The weight of it pressing in on me is strangely comforting like a heavy wool blanket on a cold night….hearing Him whisper to get ready…feeling an incredibly calm peace yet not understanding it at all…it makes me shake in fear and leap for joy all at the same time.

One day this dream will be my new normal.

I know this current God-sized dream might look different when it comes to pass than I originally thought, and that’s okay. My husband and my family and my friendships have all turned out differently than I once believed they would. In the best possible way, they are different than I thought they would be.

And God, in His infinite love, made them perfect for me.

  • My husband is everything I wanted and also everything I had no idea I needed.
  • My daughter challenges everything I thought I knew about parenting, and makes me a better mom.
  • My son brings so much joy and laughter after years of pain and tears.
  • My husband has the confidence and courage to pursue God-sized dreams of his own.
  • My core friends don’t live nearby and I see them very irregularly, but the residue of our conversations and time together linger with me for weeks and months until we see each other again
  • The chaos and messiness of my house is what brings the peace and laughter, and the freedom to fail also brings freedom to succeed.

No, it’s not what I expected. But I suddenly could never imagine any of those dreams being any different than exactly how they are right now.

One day this dream will be my new normal.

The funny thing about our dreams is that while you’re dreaming them, nothing seems as big as that dream at that time. Praying and waiting for a husband is Everything. Having children is a soul ache. Strong friendships are a desperate plea not to drown alone.

And then one day they’re just a normal part of your life. Isn’t that the weirdest thing ever?

Because as long as I’ve been waiting for this current God-sized dream to come to pass (six years and counting)…at some point, it will become a distant dream added to the list, and a new God-sized dream will take its place.
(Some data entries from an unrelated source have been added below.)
lemma involves_z_mi_succ: "involves_z w \<Longrightarrow> involves_z (mi_succ k w)"
  by (cases w) auto

lemma funpow_mi_succ_zeta: "(mi_succ 1 ^^ n) (a,b,c,d) = (a, b + n, c, d)"
  by (induction n) auto

lemma funpow_mi_succ_zetabar: "(mi_succ 3 ^^ n) (a,b,c,d) = (a, b, c, d + n)"
  by (induction n) auto

lemma expressible_if_unmixed_or_involves_z:
  assumes IH: "\<And>w. mi_order w < mi_order v \<Longrightarrow> expressible w"
    and v: "unmixed v \<or> involves_z v"
  shows "expressible v"
proof -
  obtain a b c d where v_eq: "v = (a,b,c,d)" by (cases v)
  consider "unmixed v" | "a \<noteq> 0" | "c \<noteq> 0" using v by (auto simp: v_eq)
  then show ?thesis
  proof cases
    case 1
    then show ?thesis
      unfolding expressible_def using represents_JVar[of v] by (intro exI[of _ "JVar v"]) auto
  next
    case 2
    then have "expressible (mi_succ 0 (a - 1, b, c, d))"
      by (intro expressible_mi_succ IH) (auto simp: v_eq)
    with 2 show ?thesis by (simp add: v_eq)
  next
    case 3
    then have "expressible (mi_succ 2 (a, b, c - 1, d))"
      by (intro expressible_mi_succ IH) (auto simp: v_eq)
    with 3 show ?thesis by (simp add: v_eq)
  qed
qed

lemma expressible_zeta_zetabar:
  assumes IH: "\<And>w. mi_order w < mi_order (0, Suc b, 0, Suc d) \<Longrightarrow> expressible w"
  shows "expressible (0, Suc b, 0, Suc d)"
proof -
  let ?v = "(0, Suc b, 0, Suc d)"
  \<comment> \<open>\<open>e0\<close> is \<open>F_{zeta zbar} F_{z zetabar} / F_{z zbar}\<close>\<close>
  define e0 where "e0 = JMul (JVar (0,1,1,0)) (JMul (JVar (1,0,0,1)) JInv)"
  define E where "E = (jderiv 1 ^^ b) ((jderiv 3 ^^ d) e0)"
  have "represents E ((mi_succ 1 ^^ b) ((mi_succ 3 ^^ d) (0,1,0,1)))"
    unfolding E_def e0_def
    by (intro represents_funpow_jderiv represents_zeta_zetabar) simp_all
  then have E: "represents E ?v"
    unfolding funpow_mi_succ_zetabar funpow_mi_succ_zeta by simp
  have "jvars e0 \<subseteq> {w. mi_order w \<le> 2 \<and> involves_z w}"
    by (auto simp: e0_def)
  then have "jvars E \<subseteq> {w. mi_order w \<le> 2 + d + b \<and> involves_z w}"
    unfolding E_def using involves_z_mi_succ by (intro jvars_funpow_jderiv)
  then have vars: "jvars E \<subseteq> {w. mi_order w \<le> mi_order ?v \<and> involves_z w}"
    by (simp add: add.commute)
  have expr: "expressible w" if "mi_order w \<le> mi_order ?v" "involves_z w" for w
  proof (cases "mi_order w < mi_order ?v")
    case False
    then have "mi_order w = mi_order ?v" using that(1) by simp
    with that(2) IH show ?thesis
      by (intro expressible_if_unmixed_or_involves_z[of w]) simp_all
  qed (rule IH)
  show ?thesis
  proof (rule expressible_jsubst[OF E])
    show "2 \<le> mi_order ?v" by simp
    fix w assume "w \<in> jvars E"
    with vars have "mi_order w \<le> mi_order ?v" "involves_z w" by blast+
    then show "mi_order w \<le> mi_order ?v \<and> expressible w" using expr by blast
  qed
qed

theorem expressible: "expressible v"
proof (induction "mi_order v" arbitrary: v rule: less_induct)
  case less
  show ?case
  proof (cases "unmixed v \<or> involves_z v")
    case True
    with less show ?thesis by (rule expressible_if_unmixed_or_involves_z)
  next
    case False
    then obtain b d where v: "v = (0, Suc b, 0, Suc d)"
      by (cases v) (metis Suc_pred involves_z.simps not_gr_zero unmixed.simps)
    show ?thesis
      unfolding v by (rule expressible_zeta_zetabar, rule less) (simp add: v)
  qed
qed

section \<open>Clearing denominators\<close>

definition uncurry4 :: "fun4 \<Rightarrow> cvec4 \<Rightarrow> complex" where
  "uncurry4 F = (\<lambda>(z,s,w,t). F z s w t)"

definition curry4 :: "(cvec4 \<Rightarrow> complex) \<Rightarrow> fun4" where
  "curry4 g = (\<lambda>z s w t. g (z,s,w,t))"

lemma curry4_uncurry4 [simp]: "curry4 (uncurry4 F) = F"
  by (simp add: curry4_def uncurry4_def)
It really is the weirdest and holiest thing ever — standing on the edge of a God-sized dream and peering down into it, it seems as big as the Grand Canyon and impossible to cross over.

Then one day you simply check it off the list and move on.
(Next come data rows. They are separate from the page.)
lemma mat_sum_filter:
  "finite I \<Longrightarrow> mat_sum r c (\<lambda>x. if P x then f x else 0\<^sub>m r c) I = mat_sum r c f {x \<in> I. P x}"
  by (rule eq_matI) (auto simp: sum.inter_filter if_distrib[of "\<lambda>A. A $$ _"] cong: if_cong)

lemma smult_mat_sum:
  fixes a :: "'a::comm_semiring_0"
  assumes "\<And>x. x \<in> I \<Longrightarrow> f x \<in> carrier_mat r c"
  shows "a \<cdot>\<^sub>m mat_sum r c f I = mat_sum r c (\<lambda>x. a \<cdot>\<^sub>m f x) I"
proof (rule eq_matI)
  fix i j assume ij: "i < dim_row (mat_sum r c (\<lambda>x. a \<cdot>\<^sub>m f x) I)" "j < dim_col (mat_sum r c (\<lambda>x. a \<cdot>\<^sub>m f x) I)"
  have "(a \<cdot>\<^sub>m f x) $$ (i, j) = a * f x $$ (i, j)" if "x \<in> I" for x
    using assms[OF that] ij by auto
  then show "(a \<cdot>\<^sub>m mat_sum r c f I) $$ (i, j) = mat_sum r c (\<lambda>x. a \<cdot>\<^sub>m f x) I $$ (i, j)"
    using ij by (simp add: sum_distrib_left)
qed auto

lemma mult_mat_sum_left:
  assumes "A \<in> carrier_mat r s" "\<And>x. x \<in> I \<Longrightarrow> f x \<in> carrier_mat s c"
  shows "A * mat_sum s c f I = mat_sum r c (\<lambda>x. A * f x) I"
proof (rule eq_matI)
  fix i j assume "i < dim_row (mat_sum r c (\<lambda>x. A * f x) I)" "j < dim_col (mat_sum r c (\<lambda>x. A * f x) I)"
  then have ij: "i < r" "j < c" by auto
  have "(A * mat_sum s c f I) $$ (i, j) = (\<Sum>l<s. A $$ (i, l) * (\<Sum>x\<in>I. f x $$ (l, j)))"
    using assms ij by (simp add: scalar_prod_def atLeast0LessThan)
  also have "\<dots> = (\<Sum>x\<in>I. \<Sum>l<s. A $$ (i, l) * f x $$ (l, j))"
    by (simp add: sum_distrib_left sum.swap[of _ I])
  also have "\<dots> = mat_sum r c (\<lambda>x. A * f x) I $$ (i, j)"
    using ij by (simp, intro sum.cong refl, subst mat_index_mult_sum[OF assms(1) assms(2)]) auto
  finally show "(A * mat_sum s c f I) $$ (i, j) = mat_sum r c (\<lambda>x. A * f x) I $$ (i, j)" .
qed (use assms in auto)

lemma mult_mat_sum_right:
  assumes "B \<in> carrier_mat s c" "\<And>x. x \<in> I \<Longrightarrow> f x \<in> carrier_mat r s"
  shows "mat_sum r s f I * B = mat_sum r c (\<lambda>x. f x * B) I"
proof (rule eq_matI)
  fix i j assume "i < dim_row (mat_sum r c (\<lambda>x. f x * B) I)" "j < dim_col (mat_sum r c (\<lambda>x. f x * B) I)"
  then have ij: "i < r" "j < c" by auto
  have "(mat_sum r s f I * B) $$ (i, j) = (\<Sum>l<s. (\<Sum>x\<in>I. f x $$ (i, l)) * B $$ (l, j))"
    using assms ij by (simp add: scalar_prod_def atLeast0LessThan)
  also have "\<dots> = (\<Sum>x\<in>I. \<Sum>l<s. f x $$ (i, l) * B $$ (l, j))"
    by (simp add: sum_distrib_right sum.swap[of _ I])
  also have "\<dots> = mat_sum r c (\<lambda>x. f x * B) I $$ (i, j)"
    using ij by (simp, intro sum.cong refl, subst mat_index_mult_sum[OF assms(2) assms(1)]) auto
  finally show "(mat_sum r s f I * B) $$ (i, j) = mat_sum r c (\<lambda>x. f x * B) I $$ (i, j)" .
qed (use assms in auto)

lemma trace_mat_sum:
  "(\<And>x. x \<in> I \<Longrightarrow> f x \<in> carrier_mat r r) \<Longrightarrow> trace (mat_sum r r f I) = (\<Sum>x\<in>I. trace (f x))"
  unfolding trace_def by (auto simp: sum.swap[of _ I] intro!: sum.cong)

lemma mat_sum_reindex_bij:
  assumes "bij_betw h I J"
  shows "mat_sum r c (\<lambda>x. f (h x)) I = mat_sum r c f J"
proof (rule eq_matI)
  fix i j assume "i < dim_row (mat_sum r c f J)" "j < dim_col (mat_sum r c f J)"
  then show "mat_sum r c (\<lambda>x. f (h x)) I $$ (i, j) = mat_sum r c f J $$ (i, j)"
    using sum.reindex_bij_betw[OF assms, of "\<lambda>x. f x $$ (i, j)"] by simp
qed auto

lemma mat_sum_const:
  "A \<in> carrier_mat r c \<Longrightarrow> mat_sum r c (\<lambda>x. A) I = of_nat (card I) \<cdot>\<^sub>m (A :: 'a::comm_semiring_1 mat)"
  by (rule eq_matI) auto

lemma mat_sum_square_group:
  fixes f :: "'i \<Rightarrow> complex mat"
  assumes f: "\<And>x. x \<in> I \<Longrightarrow> f x \<in> carrier_mat N N"
    and mult: "\<And>x y. x \<in> I \<Longrightarrow> y \<in> I \<Longrightarrow> f x * f y = a \<cdot>\<^sub>m f (mul x y)"
    and bij: "\<And>x. x \<in> I \<Longrightarrow> bij_betw (mul x) I I"
  shows "mat_sum N N f I * mat_sum N N f I = (a * of_nat (card I)) \<cdot>\<^sub>m mat_sum N N f I"
proof -
  have "mat_sum N N f I * mat_sum N N f I = mat_sum N N (\<lambda>x. f x * mat_sum N N f I) I"
    using f by (intro mult_mat_sum_right) auto
  also have "\<dots> = mat_sum N N (\<lambda>x. a \<cdot>\<^sub>m mat_sum N N f I) I"
  proof (rule mat_sum_cong)
    fix x assume x: "x \<in> I"
    have "f x * mat_sum N N f I = mat_sum N N (\<lambda>y. a \<cdot>\<^sub>m f (mul x y)) I"
      using f x by (subst mult_mat_sum_left[of _ N N]) (auto intro!: mat_sum_cong simp: mult)
    also have "\<dots> = a \<cdot>\<^sub>m mat_sum N N (\<lambda>y. f (mul x y)) I"
      using f bij[OF x] by (subst smult_mat_sum) (auto dest: bij_betwE)
    finally show "f x * mat_sum N N f I = a \<cdot>\<^sub>m mat_sum N N f I"
      using mat_sum_reindex_bij[OF bij[OF x], of N N f] by simp
  qed
  also have "\<dots> = (a * of_nat (card I)) \<cdot>\<^sub>m mat_sum N N f I"
    by (simp add: mat_sum_const smult_smult_mat mult.commute)
  finally show ?thesis .
qed

lemma sandwich_mat_sum:
  assumes "L \<in> carrier_mat r s" "R \<in> carrier_mat s c" "\<And>x. x \<in> I \<Longrightarrow> f x \<in> carrier_mat s s"
  shows "L * mat_sum s s f I * R = mat_sum r c (\<lambda>x. L * f x * R) I"
proof -
  have "L * mat_sum s s f I = mat_sum r s (\<lambda>x. L * f x) I" by (rule mult_mat_sum_left) (use assms in auto)
  moreover have "mat_sum r s (\<lambda>x. L * f x) I * R = mat_sum r c (\<lambda>x. L * f x * R) I"
    by (rule mult_mat_sum_right) (use assms in auto)
  ultimately show ?thesis by simp
qed

lemma sandwich_smult:
  fixes L X R :: "'a::comm_ring_1 mat"
  shows "L \<in> carrier_mat r s \<Longrightarrow> X \<in> carrier_mat s s \<Longrightarrow> R \<in> carrier_mat s c \<Longrightarrow>
   L * (a \<cdot>\<^sub>m X) * R = a \<cdot>\<^sub>m (L * X * R)"
  by (subst mult_smult_distrib[of L r s X s], assumption+, rule mult_smult_assoc_mat[of _ r s R c])
    (auto intro: mult_carrier_mat)


definition partial_trace_right :: "nat \<Rightarrow> nat \<Rightarrow> 'a::comm_monoid_add mat \<Rightarrow> 'a mat" where
  "partial_trace_right N M X = mat N N (\<lambda>(i, i'). \<Sum>j<M. X $$ (i * M + j, i' * M + j))"

definition partial_trace_left :: "nat \<Rightarrow> nat \<Rightarrow> 'a::comm_monoid_add mat \<Rightarrow> 'a mat" where
  "partial_trace_left N M X = mat M M (\<lambda>(j, j'). \<Sum>i<N. X $$ (i * M + j, i * M + j'))"

lemma partial_trace_carrier [simp]:
  "partial_trace_right N M X \<in> carrier_mat N N" "partial_trace_left N M X \<in> carrier_mat M M"
  unfolding partial_trace_right_def partial_trace_left_def by auto

lemma partial_trace_right_mat_sum:
  "partial_trace_right N M (mat_sum (N * M) (N * M) f I) = mat_sum N N (\<lambda>x. partial_trace_right N M (f x)) I"
  unfolding partial_trace_right_def
  by (rule eq_matI) (auto simp: mult_add_less_mult_nat sum.swap[of _ I])

lemma partial_trace_left_mat_sum:
  "partial_trace_left N M (mat_sum (N * M) (N * M) f I) = mat_sum M M (\<lambda>x. partial_trace_left N M (f x)) I"
  unfolding partial_trace_left_def
  by (rule eq_matI) (auto simp: mult_add_less_mult_nat sum.swap[of _ I])

lemma partial_trace_right_smult:
  "X \<in> carrier_mat (N * M) (N * M) \<Longrightarrow> partial_trace_right N M (c \<cdot>\<^sub>m X) = c \<cdot>\<^sub>m partial_trace_right N M X"
  for c :: "'a::comm_semiring_0"
  unfolding partial_trace_right_def
  by (rule eq_matI) (auto simp: mult_add_less_mult_nat sum_distrib_left)

lemma partial_trace_left_smult:
  "X \<in> carrier_mat (N * M) (N * M) \<Longrightarrow> partial_trace_left N M (c \<cdot>\<^sub>m X) = c \<cdot>\<^sub>m partial_trace_left N M X"
  for c :: "'a::comm_semiring_0"
  unfolding partial_trace_left_def
  by (rule eq_matI) (auto simp: mult_add_less_mult_nat sum_distrib_left)

lemma partial_trace_right_kron:
  "A \<in> carrier_mat N N \<Longrightarrow> B \<in> carrier_mat M M \<Longrightarrow> partial_trace_right N M (kron A B) = trace B \<cdot>\<^sub>m A"
  unfolding partial_trace_right_def trace_def
  by (rule eq_matI) (auto simp: kron_index_mult_add sum_distrib_left mult.commute)

lemma partial_trace_left_kron:
  "A \<in> carrier_mat N N \<Longrightarrow> B \<in> carrier_mat M M \<Longrightarrow> partial_trace_left N M (kron A B) = trace A \<cdot>\<^sub>m B"
  unfolding partial_trace_left_def trace_def
  by (rule eq_matI) (auto simp: kron_index_mult_add sum_distrib_right)

lemma kron_one_mat_right_inj:
  fixes X Y :: "complex mat"
  assumes "X \<in> carrier_mat N N" "Y \<in> carrier_mat N N" "M > 0" "kron X (1\<^sub>m M) = kron Y (1\<^sub>m M)"
  shows "X = Y"
proof -
  have "of_nat M \<cdot>\<^sub>m X = of_nat M \<cdot>\<^sub>m (Y :: complex mat)"
    using arg_cong[OF assms(4), of "partial_trace_right N M"] assms(1,2)
    by (simp add: partial_trace_right_kron)
  then have "(1 / of_nat M) \<cdot>\<^sub>m (of_nat M \<cdot>\<^sub>m X) = (1 / of_nat M) \<cdot>\<^sub>m (of_nat M \<cdot>\<^sub>m (Y :: complex mat))" by simp
  then show ?thesis using assms(3) by (simp add: smult_smult_mat)
qed

lemma ket_carrier [simp]: "ket v \<in> carrier_mat (dim_vec v) 1"
  and bra_carrier [simp]: "bra v \<in> carrier_mat 1 (dim_vec v)"
  and ket_dims [simp]: "dim_row (ket v) = dim_vec v" "dim_col (ket v) = 1"
  and bra_dims [simp]: "dim_row (bra v) = 1" "dim_col (bra v) = dim_vec v"
  unfolding ket_def bra_def by auto

lemma ket_bra_carrier [simp]: "ket v * bra v \<in> carrier_mat (dim_vec v) (dim_vec v)"
  unfolding ket_def bra_def by auto

lemma ket_mult_bra: "ket v * bra v = mat (dim_vec v) (dim_vec v) (\<lambda>(i, j). v $ i * cnj (v $ j))"
  unfolding ket_def bra_def by (rule eq_matI) (simp_all add: scalar_prod_def)

lemma trace_ket_bra: "trace (ket v * bra v) = v \<bullet>c v"
  unfolding trace_def ket_mult_bra by (simp add: scalar_prod_def atLeast0LessThan)

lemma reduced_state_eq_partial_trace:
  "v \<in> carrier_vec (2 ^ (n + m)) \<Longrightarrow>
   reduced_state n m v = partial_trace_right (2 ^ n) (2 ^ m) (ket v * bra v)"
  unfolding reduced_state_def partial_trace_right_def
  by (rule eq_matI) (auto simp: ket_mult_bra power_add mult_add_less_mult_nat)

lemma trace_partial_trace_right:
  "X \<in> carrier_mat (N * M) (N * M) \<Longrightarrow> trace (partial_trace_right N M X) = trace X"
  unfolding trace_def partial_trace_right_def by (simp add: sum_lessThan_mult_nat)

lemma sum_sum_product_transpose:
  fixes f :: "nat \<Rightarrow> nat \<Rightarrow> 'a::comm_semiring_0"
  shows "(\<Sum>i<a. \<Sum>i'<a. (\<Sum>j<c. f i j * g i' j) * (\<Sum>j'<c. f i' j' * g i j'))
       = (\<Sum>j<c. \<Sum>j'<c. (\<Sum>i<a. f i j * g i j') * (\<Sum>i'<a. f i' j' * g i' j))"
proof -
  define T where "T i i' j j' = f i j * g i' j * (f i' j' * g i j')" for i i' j j'
  have "(\<Sum>i<a. \<Sum>i'<a. (\<Sum>j<c. f i j * g i' j) * (\<Sum>j'<c. f i' j' * g i j'))
      = (\<Sum>i<a. \<Sum>i'<a. \<Sum>j<c. \<Sum>j'<c. T i i' j j')"
    unfolding T_def by (simp add: sum_product)
  also have "\<dots> = (\<Sum>i<a. \<Sum>j<c. \<Sum>i'<a. \<Sum>j'<c. T i i' j j')"
    by (rule sum.cong[OF refl]) (rule sum.swap)
  also have "\<dots> = (\<Sum>j<c. \<Sum>i<a. \<Sum>j'<c. \<Sum>i'<a. T i i' j j')"
    by (subst sum.swap) (rule sum.cong[OF refl], rule sum.cong[OF refl], rule sum.swap)
  also have "\<dots> = (\<Sum>j<c. \<Sum>j'<c. \<Sum>i<a. \<Sum>i'<a. T i i' j j')"
    by (rule sum.cong[OF refl], rule sum.swap)
  also have "\<dots> = (\<Sum>j<c. \<Sum>j'<c. (\<Sum>i<a. f i j * g i j') * (\<Sum>i'<a. f i' j' * g i' j))"
    unfolding T_def by (simp add: sum_product mult_ac)
  finally show ?thesis .
qed

lemma trace_partial_trace_square_eq:
  assumes "v \<in> carrier_vec (N * M)"
  shows "trace (partial_trace_right N M (ket v * bra v) * partial_trace_right N M (ket v * bra v))
       = trace (partial_trace_left N M (ket v * bra v) * partial_trace_left N M (ket v * bra v))"
proof -
  define f where "f i j = v $ (i * M + j)" for i j
  define g where "g i j = cnj (v $ (i * M + j))" for i j
  have "trace (partial_trace_right N M (ket v * bra v) * partial_trace_right N M (ket v * bra v))
      = (\<Sum>i<N. \<Sum>i'<N. (\<Sum>j<M. f i j * g i' j) * (\<Sum>j'<M. f i' j' * g i j'))"
    using assms by (subst trace_mult_self[OF partial_trace_carrier(1)])
      (simp add: partial_trace_right_def ket_mult_bra mult_add_less_mult_nat f_def g_def)
  also have "\<dots> = (\<Sum>j<M. \<Sum>j'<M. (\<Sum>i<N. f i j * g i j') * (\<Sum>i'<N. f i' j' * g i' j))"
    by (rule sum_sum_product_transpose)
  also have "\<dots> = trace (partial_trace_left N M (ket v * bra v) * partial_trace_left N M (ket v * bra v))"
    using assms by (subst trace_mult_self[OF partial_trace_carrier(2)])
      (simp add: partial_trace_left_def ket_mult_bra mult_add_less_mult_nat f_def g_def)
  finally show ?thesis .
qed

definition expectation :: "complex vec \<Rightarrow> complex mat \<Rightarrow> complex" where
  "expectation \<psi> B = (bra \<psi> * B * ket \<psi>) $$ (0, 0)"

lemma kron_sandwich:
  assumes \<psi>: "\<psi> \<in> carrier_vec M" and A: "A \<in> carrier_mat N N" and B: "B \<in> carrier_mat M M"
  shows "kron (1\<^sub>m N) (bra \<psi>) * kron A B * kron (1\<^sub>m N) (ket \<psi>) = expectation \<psi> B \<cdot>\<^sub>m A"
proof -
  have br: "bra \<psi> \<in> carrier_mat 1 M" and kt: "ket \<psi> \<in> carrier_mat M 1"
    using \<psi> bra_carrier[of \<psi>] ket_carrier[of \<psi>] by auto
  have "kron (1\<^sub>m N) (bra \<psi>) * kron A B * kron (1\<^sub>m N) (ket \<psi>) = kron A (bra \<psi> * B) * kron (1\<^sub>m N) (ket \<psi>)"
    using kron_mult[OF one_carrier_mat br A B] A by simp
  also have "\<dots> = kron A (bra \<psi> * B * ket \<psi>)"
    using kron_mult[OF A mult_carrier_mat[OF br B] one_carrier_mat kt] A by simp
  also have "\<dots> = expectation \<psi> B \<cdot>\<^sub>m A"
    unfolding expectation_def using br B kt by (simp add: kron_right_1x1)
  finally show ?thesis .
qed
How can you imagine moving on when you’re standing on the edge of the Grand Canyon?

But it happens.

Because each dream God gives is simply a stepping stone to a bigger dream. (tweet) And once in a while He reminds you to look back and you see that the two of you — God and you — have built a bridge and you’re already halfway across that canyon.

One day this dream will be my new normal.

What God-sized dreams have you staring into the vastness right now? What dreams seem impossible? Don’t lose heart, or give up hope, or give up at all.

Keep standing there on the edge. Look back every once in a while and remember the stepping stones that have brought you to your current dream.

And soon you’ll see the bridge, spanning across a magnificent landscape.

ONE DAY THIS DREAM WILL BE YOUR NEW NORMAL.